**Your goal**
For the entries presented below, indicate the number of lines that include the word "also", adding nothing else.

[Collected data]
*-*-*

lemma exists_way_below:
  assumes "bicontinuous TYPE('a::order)"
  shows "\<exists>a. a \<lless> (y::'a)"
proof -
  obtain S where "S \<subseteq> ddown y" "directed S" by (rule bicontinuous_approximating_set[OF assms])
  then show ?thesis unfolding directed_def ddown_def by blast
qed

lemma exists_way_above:
  assumes "bicontinuous TYPE('a::order)"
  shows "\<exists>b. (y::'a) \<lless> b"
  using bicontinuous_uup[OF assms, of y] unfolding filtered_def uup_def by blast

lemma exists_way_below_not_le:
  assumes "bicontinuous TYPE('a::order)" "\<not> (y::'a) \<le> v"
  shows "\<exists>a. a \<lless> y \<and> \<not> a \<le> v"
proof -
  obtain S where "S \<subseteq> ddown y" "is_sup S y" by (rule bicontinuous_approximating_set[OF assms(1)])
  then show ?thesis using assms(2) unfolding is_sup_def ddown_def by blast
qed

lemma exists_way_above_not_ge:
  assumes "bicontinuous TYPE('a::order)" "\<not> (s::'a) \<le> y"
  shows "\<exists>b. y \<lless> b \<and> \<not> s \<le> b"
  using bicontinuous_uup(2)[OF assms(1), of y] assms(2)
  unfolding is_inf_def uup_def by blast

lemma way_below_weak_interpolate:
  assumes "bicontinuous TYPE('a::order)" "(x::'a) \<lless> y"
  shows "\<exists>a. x \<le> a \<and> a \<lless> y"
proof -
  obtain S where "S \<subseteq> ddown y" "directed S" "is_sup S y"
    by (rule bicontinuous_approximating_set[OF assms(1)])
  then show ?thesis using assms(2) unfolding way_below_def ddown_def by blast
qed

definition way_interval :: "'a::order \<Rightarrow> 'a \<Rightarrow> 'a set" where
  "way_interval a b = {x. a \<lless> x \<and> x \<lless> b}"

lemma mem_way_interval [simp]: "x \<in> way_interval a b \<longleftrightarrow> a \<lless> x \<and> x \<lless> b"
  by (simp add: way_interval_def)
lemma sup_morrey_M_quasi_triangle:
  fixes u v w :: "'a::euclidean_space \<Rightarrow> real"
  assumes "p > 0" "u \<in> borel_measurable lebesgue" "v \<in> borel_measurable lebesgue"
    and "\<And>y. \<bar>w y\<bar> \<le> \<bar>u y\<bar> + \<bar>v y\<bar>" and "r > 0"
  shows "(SUP x. morrey_M p lam w x r) \<le>
    ennreal (2 powr p) * ((SUP x. morrey_M p lam u x r) + morrey_sup p lam v)"
proof (intro SUP_least)
  fix x
  have "morrey_M p lam w x r \<le> ennreal (2 powr p) * (morrey_M p lam u x r + morrey_M p lam v x r)"
    by (rule morrey_M_quasi_triangle[OF assms(1-4)])
  also have "\<dots> \<le> ennreal (2 powr p) * ((SUP x. morrey_M p lam u x r) + morrey_sup p lam v)"
    using assms(5) by (intro mult_left_mono add_mono SUP_upper morrey_M_le_morrey_sup) auto
  finally show "morrey_M p lam w x r \<le> ennreal (2 powr p) * ((SUP x. morrey_M p lam u x r) + morrey_sup p lam v)" .
qed

lemma morrey_sup_diff_tendsto_zero:
  fixes g :: "nat \<Rightarrow> 'a::euclidean_space \<Rightarrow> real"
  assumes p: "p > 0" and g: "\<And>k. g k \<in> morrey_space p lam" and f: "f \<in> morrey_space p lam"
    and lim: "((\<lambda>k. morrey_norm p lam (\<lambda>y. g k y - f y)) \<longlongrightarrow> 0) sequentially"
  shows "((\<lambda>k. morrey_sup p lam (\<lambda>y. g k y - f y)) \<longlongrightarrow> 0) sequentially"
proof -
  define e where "e k = morrey_sup p lam (\<lambda>y. g k y - f y)" for k
  have e_finite: "e k < \<infinity>" for k
  proof -
    have "e k \<le> ennreal (2 powr p) * (morrey_sup p lam (g k) + morrey_sup p lam f)"
      unfolding e_def using p g[of k] f
      by (intro morrey_sup_quasi_triangle) (auto simp: morrey_space_def)
    also have "\<dots> < \<infinity>"
      using g[of k] f by (auto simp: morrey_space_def ennreal_mult_less_top)
    finally show ?thesis .
  qed
  have "enn2real (e k) = morrey_norm p lam (\<lambda>y. g k y - f y) powr p" for k
    using p unfolding morrey_norm_def e_def
    by (cases "enn2real (morrey_sup p lam (\<lambda>y. g k y - f y)) = 0") (auto simp: powr_powr)
  moreover have "((\<lambda>k. morrey_norm p lam (\<lambda>y. g k y - f y) powr p) \<longlongrightarrow> 0) sequentially"
    using p lim by (intro tendsto_zero_powrI) (auto simp: morrey_norm_def)
  ultimately have "((\<lambda>k. ennreal (enn2real (e k))) \<longlongrightarrow> ennreal 0) sequentially"
    by (intro tendsto_ennrealI) simp
  then show ?thesis
    using e_finite by (simp add: e_def)
qed

lemma tendsto_zero_by_approximation:
  fixes \<psi> :: "'b \<Rightarrow> ennreal"
  assumes "\<And>k. (\<phi> k \<longlongrightarrow> 0) F" "(e \<longlongrightarrow> 0) sequentially" "C < \<infinity>"
    and "\<And>k. \<forall>\<^sub>F t in F. \<psi> t \<le> C * (\<phi> k t + e k)"
  shows "(\<psi> \<longlongrightarrow> 0) F"
proof (rule order_tendstoI)
  fix a :: ennreal
  assume "a < 0"
  then show "\<forall>\<^sub>F t in F. a < \<psi> t" by simp
next
  fix a :: ennreal
  assume a: "0 < a"
  have "((\<lambda>k. C * e k) \<longlongrightarrow> C * 0) sequentially"
    using assms(2,3) by (intro ennreal_tendsto_cmult) auto
  then have "\<forall>\<^sub>F k in sequentially. C * e k < a"
    using a by (auto dest: order_tendstoD)
  then obtain k where k: "C * e k < a"
    by (auto simp: eventually_sequentially)
  have "((\<lambda>t. C * (\<phi> k t + e k)) \<longlongrightarrow> C * (0 + e k)) F"
    using assms(1,3) by (intro ennreal_tendsto_cmult tendsto_add) auto
  then have "\<forall>\<^sub>F t in F. C * (\<phi> k t + e k) < a"
    using k by (auto dest: order_tendstoD)
  then show "\<forall>\<^sub>F t in F. \<psi> t < a"
    using assms(4)[of k] by eventually_elim (rule le_less_trans)
qed

lemma morrey_closed_vanishing_class:
  fixes \<Phi> :: "('a::euclidean_space \<Rightarrow> real) \<Rightarrow> 'b \<Rightarrow> ennreal"
  assumes p: "p > 0"
    and \<Phi>_bound: "\<And>u v w. u \<in> borel_measurable lebesgue \<Longrightarrow> v \<in> borel_measurable lebesgue \<Longrightarrow>
      (\<And>y. \<bar>w y\<bar> \<le> \<bar>u y\<bar> + \<bar>v y\<bar>) \<Longrightarrow>
      \<forall>\<^sub>F t in F. \<Phi> w t \<le> ennreal (2 powr p) * (\<Phi> u t + morrey_sup p lam v)"
  shows "morrey_closed p lam {f \<in> morrey_space p lam. (\<Phi> f \<longlongrightarrow> 0) F}"
  unfolding morrey_closed_def
proof (intro allI impI, elim conjE)
  fix g :: "nat \<Rightarrow> 'a \<Rightarrow> real" and f
  assume g: "\<forall>k. g k \<in> {f \<in> morrey_space p lam. (\<Phi> f \<longlongrightarrow> 0) F}"
    and f: "f \<in> morrey_space p lam"
    and lim: "((\<lambda>k. morrey_norm p lam (\<lambda>y. g k y - f y)) \<longlongrightarrow> 0) sequentially"
  have g_meas: "g k \<in> borel_measurable lebesgue" for k
    using g by (auto simp: morrey_space_def)
  have "(\<Phi> f \<longlongrightarrow> 0) F"
  proof (rule tendsto_zero_by_approximation)
    show "((\<lambda>k. morrey_sup p lam (\<lambda>y. g k y - f y)) \<longlongrightarrow> 0) sequentially"
      using g f lim by (intro morrey_sup_diff_tendsto_zero p) auto
    show "\<forall>\<^sub>F t in F. \<Phi> f t \<le> ennreal (2 powr p) * (\<Phi> (g k) t + morrey_sup p lam (\<lambda>y. g k y - f y))" for k
      using f g_meas by (intro \<Phi>_bound) (auto simp: morrey_space_def)
  qed (use g in auto)
  with f show "f \<in> {f \<in> morrey_space p lam. (\<Phi> f \<longlongrightarrow> 0) F}" by simp
qed

theorem lemma3p7:
  fixes p lam :: real
  assumes "0 \<le> lam" and "lam < real DIM('a::euclidean_space)" and "1 \<le> p"
  shows "morrey_closed p lam (V0_morrey p lam :: ('a \<Rightarrow> real) set)
       \<and> morrey_closed p lam (Vinf_morrey p lam :: ('a \<Rightarrow> real) set)
       \<and> morrey_closed p lam (Vstar_morrey p lam :: ('a \<Rightarrow> real) set)
       \<and> morrey_closed p lam (V0inf_star_morrey p lam :: ('a \<Rightarrow> real) set)"
proof -
  have p: "p > 0" using assms(3) by simp
  have V0: "morrey_closed p lam (V0_morrey p lam :: ('a \<Rightarrow> real) set)"
    unfolding V0_morrey_def
    by (rule morrey_closed_vanishing_class[OF p])
      (auto intro: eventually_mono[OF eventually_at_right_less] sup_morrey_M_quasi_triangle p)
  have Vinf: "morrey_closed p lam (Vinf_morrey p lam :: ('a \<Rightarrow> real) set)"
    unfolding Vinf_morrey_def
    by (rule morrey_closed_vanishing_class[OF p])
      (auto intro: eventually_mono[OF eventually_gt_at_top] sup_morrey_M_quasi_triangle p)
  have Vstar: "morrey_closed p lam (Vstar_morrey p lam :: ('a \<Rightarrow> real) set)"
    unfolding Vstar_morrey_def
  proof (rule morrey_closed_vanishing_class[OF p], intro always_eventually allI)
    fix u v w :: "'a \<Rightarrow> real" and N
    assume "u \<in> borel_measurable lebesgue" "v \<in> borel_measurable lebesgue"
      and "\<And>y. \<bar>w y\<bar> \<le> \<bar>u y\<bar> + \<bar>v y\<bar>"
    then have "morrey_A p w N \<le> ennreal (2 powr p) * (morrey_A p u N + morrey_A p v N)"
      by (rule morrey_A_quasi_triangle[OF p])
    also have "\<dots> \<le> ennreal (2 powr p) * (morrey_A p u N + morrey_sup p lam v)"
      by (intro mult_left_mono add_mono morrey_A_le_morrey_sup) auto
    finally show "morrey_A p w N \<le> ennreal (2 powr p) * (morrey_A p u N + morrey_sup p lam v)" .
  qed
  have "morrey_closed p lam (V0inf_star_morrey p lam :: ('a \<Rightarrow> real) set)"
    using V0 Vinf Vstar unfolding morrey_closed_def V0inf_star_morrey_def by blast
  with V0 Vinf Vstar show ?thesis by blast
qed

end
lemma entropy_itinerary_shift:
  assumes S: "finite S"
  shows "\<H>(itinerary T \<alpha> ((+) k ` S)) = \<H>(itinerary T \<alpha> S)"
proof -
  define shift where "shift v = (\<lambda>i. if i \<in> (+) k ` S then v (i - k) else undefined)" for v :: "nat \<Rightarrow> 'a set"
  define Y where "Y = itinerary T \<alpha> S \<circ> (T ^^ k)"
  have Y: "simple_function M Y"
    unfolding Y_def using simple_function_comp[OF measurable_funpow simple_function_itinerary[OF S]]
    by (simp add: comp_def)
  have Y_PiE: "Y x \<in> S \<rightarrow>\<^sub>E \<alpha>" if "x \<in> space M" for x
    using itinerary_in_PiE[OF funpow_in_space[OF that]] by (simp add: Y_def)
  have "itinerary T \<alpha> ((+) k ` S) x i = shift (Y x) i" for x i
  proof (cases "i \<in> (+) k ` S")
    case True
    then obtain j where "j \<in> S" "i = k + j" by blast
    then show ?thesis by (simp add: itinerary_def shift_def Y_def funpow_funpow_apply)
  qed (simp add: itinerary_def shift_def)
  then have "\<H>(itinerary T \<alpha> ((+) k ` S)) = \<H>(shift \<circ> Y)"
    by (intro entropy_cong) (simp add: fun_eq_iff)
  also have "\<dots> = \<H>(Y)"
  proof (rule entropy_of_inj[OF Y], rule inj_onI)
    fix v w assume "v \<in> Y ` space M" "w \<in> Y ` space M" and eq: "shift v = shift w"
    then have "v \<in> S \<rightarrow>\<^sub>E \<alpha>" "w \<in> S \<rightarrow>\<^sub>E \<alpha>" using Y_PiE by auto
    moreover have "v i = w i" if "i \<in> S" for i
      using fun_cong[OF eq, of "k + i"] that by (simp add: shift_def)
    ultimately show "v = w" by (rule PiE_ext)
  qed
  also have "\<dots> = \<H>(itinerary T \<alpha> S)"
    unfolding Y_def by (intro entropy_comp_measure_preserving simple_function_itinerary[OF S]
        measurable_funpow distr_funpow)
  finally show ?thesis .
qed

lemma stationary_subadditive_entropy_itinerary:
  "stationary_subadditive (\<lambda>S. \<H>(itinerary T \<alpha> S))"
proof
  show "\<H>(itinerary T \<alpha> {}) = 0"
    by (rule entropy_const[of _ "\<lambda>_. undefined"]) (simp add: itinerary_def fun_eq_iff)
  show "\<H>(itinerary T \<alpha> A) \<le> \<H>(itinerary T \<alpha> B)" if "finite B" "A \<subseteq> B" for A B
    using that by (intro entropy_le_if_factors[OF simple_function_itinerary, of _ _ "\<lambda>v. restrict v A"])
      (auto simp: itinerary_def fun_eq_iff)
  show "\<H>(itinerary T \<alpha> (A \<union> B)) \<le> \<H>(itinerary T \<alpha> A) + \<H>(itinerary T \<alpha> B)"
    if "finite A" "finite B" for A B
  proof -
    note simple = simple_function_itinerary[OF that(1)] simple_function_itinerary[OF that(2)]
    have "\<H>(itinerary T \<alpha> (A \<union> B)) \<le> \<H>(\<lambda>x. (itinerary T \<alpha> A x, itinerary T \<alpha> B x))"
      by (rule entropy_le_if_factors[OF simple_function_Pair[OF simple],
            of _ "\<lambda>(u, v) i. if i \<in> A then u i else if i \<in> B then v i else undefined"])
        (auto simp: itinerary_def fun_eq_iff)
    also have "\<dots> \<le> \<H>(itinerary T \<alpha> A) + \<H>(itinerary T \<alpha> B)"
      by (rule entropy_pair_le[OF simple])
    finally show ?thesis .
  qed
  show "\<H>(itinerary T \<alpha> ((+) k ` A)) = \<H>(itinerary T \<alpha> A)" if "finite A" for A k
    using that by (rule entropy_itinerary_shift)
qed

end

context
  fixes \<alpha> assumes \<alpha>: "fin_meas_partition M \<alpha>"
begin

lemma itinerary_window_funpow:
  assumes "i \<in> S"
  shows "itinerary T \<alpha> {0..<k} ((T ^^ i) x) = (\<lambda>j. if j < k then itinerary T \<alpha> (widen S k) x (i + j) else undefined)"
  using assms by (auto simp: itinerary_def funpow_funpow_apply mem_widen_iff fun_eq_iff)

lemma partition_cell_join_part_funpow:
  assumes "x \<in> space M"
  shows "partition_cell (join_part M T \<alpha> {0..<k}) ((T ^^ i) x)
    = itinerary T \<alpha> {0..<k} -` {itinerary T \<alpha> {0..<k} ((T ^^ i) x)} \<inter> space M"
  by (rule partition_cell_join_part[OF \<alpha> _ funpow_in_space[OF assms]]) simp

text \<open>A cell of the join of \<alpha> over {0..<k} visited at time i records the \<alpha>-cells visited at
  times i, ..., i + k - 1; hence the itineraries in the two partitions determine each other.\<close>

lemma entropy_itinerary_join_part_le:
  assumes S: "finite S"
  shows "\<H>(itinerary T (join_part M T \<alpha> {0..<k}) S) \<le> \<H>(itinerary T \<alpha> (widen S k))"
proof (rule entropy_le_if_factors[OF simple_function_itinerary[OF \<alpha> finite_widen[OF S]]])
  fix x assume x: "x \<in> space M"
  show "itinerary T (join_part M T \<alpha> {0..<k}) S x
      = (\<lambda>v i. if i \<in> S then itinerary T \<alpha> {0..<k} -` {\<lambda>j. if j < k then v (i + j) else undefined} \<inter> space M
                else undefined) (itinerary T \<alpha> (widen S k) x)"
    by (auto simp: fun_eq_iff itinerary_def[of T "join_part M T \<alpha> {0..<k}"]
        partition_cell_join_part_funpow[OF x] itinerary_window_funpow)
qed

lemma entropy_itinerary_widen_le:
  assumes S: "finite S"
  shows "\<H>(itinerary T \<alpha> (widen S k)) \<le> \<H>(itinerary T (join_part M T \<alpha> {0..<k}) S)"
proof -
  let ?\<beta> = "join_part M T \<alpha> {0..<k}" and ?J = "itinerary T \<alpha> {0..<k}"
  let ?I = "itinerary T \<alpha> (widen S k)"
  define anchor where "anchor m = (SOME i. i \<in> S \<and> i \<le> m \<and> m < i + k)" for m
  have anchor: "anchor m \<in> S" "anchor m \<le> m" "m < anchor m + k" if "m \<in> widen S k" for m
    using someI_ex[of "\<lambda>i. i \<in> S \<and> i \<le> m \<and> m < i + k"] that
    unfolding anchor_def mem_widen_iff by blast+
  have \<beta>: "fin_meas_partition M ?\<beta>"
    by (rule fin_meas_partition_join_part[OF \<alpha>]) simp
  show ?thesis
  proof (rule entropy_le_if_factors[OF simple_function_itinerary[OF \<beta> S]])
    fix x assume x: "x \<in> space M"
    have "?I x m = (if m \<in> widen S k then ?J (SOME z. z \<in> itinerary T ?\<beta> S x (anchor m)) (m - anchor m)
        else undefined)" for m
    proof (cases "m \<in> widen S k")
      case True
      define y where "y = (T ^^ anchor m) x"
      have "itinerary T ?\<beta> S x (anchor m) = ?J -` {?J y} \<inter> space M"
        using anchor(1)[OF True] by (simp add: itinerary_def y_def partition_cell_join_part_funpow[OF x])
      moreover have "y \<in> ?J -` {?J y} \<inter> space M"
        using funpow_in_space[OF x] by (simp add: y_def)
      then have "?J (SOME z. z \<in> ?J -` {?J y} \<inter> space M) = ?J y"
        by (rule someI2) simp
      moreover have "m - anchor m < k" "anchor m + (m - anchor m) = m"
        using anchor[OF True] by auto
      then have "?J y (m - anchor m) = ?I x m"
        using itinerary_window_funpow[OF anchor(1)[OF True], where x = x and k = k] by (simp add: y_def)
      ultimately show ?thesis using True by simp
    qed (simp add: itinerary_def)
    then show "?I x = (\<lambda>V m. if m \<in> widen S k then ?J (SOME z. z \<in> V (anchor m)) (m - anchor m)
        else undefined) (itinerary T ?\<beta> S x)"
      by (simp add: fun_eq_iff)
  qed
qed

lemma entropy_itinerary_join_part:
  assumes "finite S"
  shows "\<H>(itinerary T (join_part M T \<alpha> {0..<k}) S) = \<H>(itinerary T \<alpha> (widen S k))"
  using assms by (intro antisym entropy_itinerary_join_part_le entropy_itinerary_widen_le)

lemma part_dyn_entropy_eq_block_rate:
  "part_dyn_entropy M T \<alpha> = block_rate (\<lambda>S. \<H>(itinerary T \<alpha> S))"
  unfolding part_dyn_entropy_def block_rate_def by (simp add: part_entropy_join_part[OF \<alpha>])

lemma intricacy_eq_rates:
  "intricacy M T (\<lambda>n S. 2 powr (- real n)) \<alpha>
     = 2 * mean_rate (\<lambda>S. \<H>(itinerary T \<alpha> S)) - block_rate (\<lambda>S. \<H>(itinerary T \<alpha> S))"
proof -
  interpret stationary_subadditive "\<lambda>S. \<H>(itinerary T \<alpha> S)"
    by (rule stationary_subadditive_entropy_itinerary[OF \<alpha>])
  have "(\<Sum>S\<in>Pow {0..<n}. 2 powr (- real n) *
          (part_entropy M (join_part M T \<alpha> S) + part_entropy M (join_part M T \<alpha> ({0..<n} - S))
           - part_entropy M (join_part M T \<alpha> {0..<n})))
      = (\<Sum>S\<in>Pow {0..<n}. 2 powr (- real n) *
          (\<H>(itinerary T \<alpha> S) + \<H>(itinerary T \<alpha> ({0..<n} - S)) - \<H>(itinerary T \<alpha> {0..<n})))" for n
    by (intro sum.cong) (auto simp: part_entropy_join_part[OF \<alpha>] finite_subset)
  then show ?thesis
    unfolding intricacy_def by (simp only:) (rule limI[OF intricacy_term_LIMSEQ])
qed

end

lemma intricacy_le_part_dyn_entropy:
  assumes \<alpha>: "fin_meas_partition M \<alpha>"
  shows "intricacy M T (\<lambda>n S. 2 powr (- real n)) \<alpha> \<le> part_dyn_entropy M T \<alpha>"
proof -
  interpret stationary_subadditive "\<lambda>S. \<H>(itinerary T \<alpha> S)"
    by (rule stationary_subadditive_entropy_itinerary[OF \<alpha>])
  show ?thesis
    unfolding intricacy_eq_rates[OF \<alpha>] part_dyn_entropy_eq_block_rate[OF \<alpha>]
    using mean_rate_le_block_rate by simp
qed

lemma part_dyn_entropy_approx_by_intricacy:
  assumes \<alpha>: "fin_meas_partition M \<alpha>" and e: "0 < e"
  shows "\<exists>\<beta>\<in>{\<beta>. fin_meas_partition M \<beta>}.
           part_dyn_entropy M T \<alpha> < intricacy M T (\<lambda>n S. 2 powr (- real n)) \<beta> + e"
proof -
  interpret stationary_subadditive "\<lambda>S. \<H>(itinerary T \<alpha> S)"
    by (rule stationary_subadditive_entropy_itinerary[OF \<alpha>])
  obtain k :: nat where "2 * \<H>(itinerary T \<alpha> {0}) / e < 2 ^ k"
    using real_arch_pow[of 2] by auto
  then have k: "2 * \<H>(itinerary T \<alpha> {0}) / 2 ^ k < e"
    using e by (simp add: divide_less_eq mult.commute)
  define \<beta> where "\<beta> = join_part M T \<alpha> {0..<k}"
  have \<beta>: "fin_meas_partition M \<beta>"
    unfolding \<beta>_def by (rule fin_meas_partition_join_part[OF \<alpha>]) simp
  have "part_dyn_entropy M T \<alpha> - 2 * \<H>(itinerary T \<alpha> {0}) / 2 ^ k
      \<le> intricacy M T (\<lambda>n S. 2 powr (- real n)) \<beta>"
    unfolding part_dyn_entropy_eq_block_rate[OF \<alpha>] intricacy_eq_rates[OF \<beta>]
    by (rule intricacy_widen_lower_bound) (simp add: \<beta>_def entropy_itinerary_join_part[OF \<alpha>])
  with \<beta> k show ?thesis by (intro bexI[of _ \<beta>]) auto
qed

end

theorem corollary5p8:
  fixes M :: "'a measure" and T :: "'a \<Rightarrow> 'a"
  assumes "mps M T"
  shows "(SUP \<alpha>\<in>{\<alpha>. fin_meas_partition M \<alpha>}.
            ereal (intricacy M T (\<lambda>n S. 2 powr (- real n)) \<alpha>)) = ks_entropy M T"
proof -
  have "prob_space M" using assms unfolding mps_def by blast
  then interpret information_space M "exp 1"
    by (simp add: information_space_def information_space_axioms_def)
  interpret mps_system M "exp 1" T
    by unfold_locales (simp_all add: assms)
  show ?thesis
    unfolding ks_entropy_def
    by (rule SUP_ereal_eq_if_approximates)
      (blast intro: intricacy_le_part_dyn_entropy part_dyn_entropy_approx_by_intricacy)+
qed

end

*-*-*

**The completed task**
6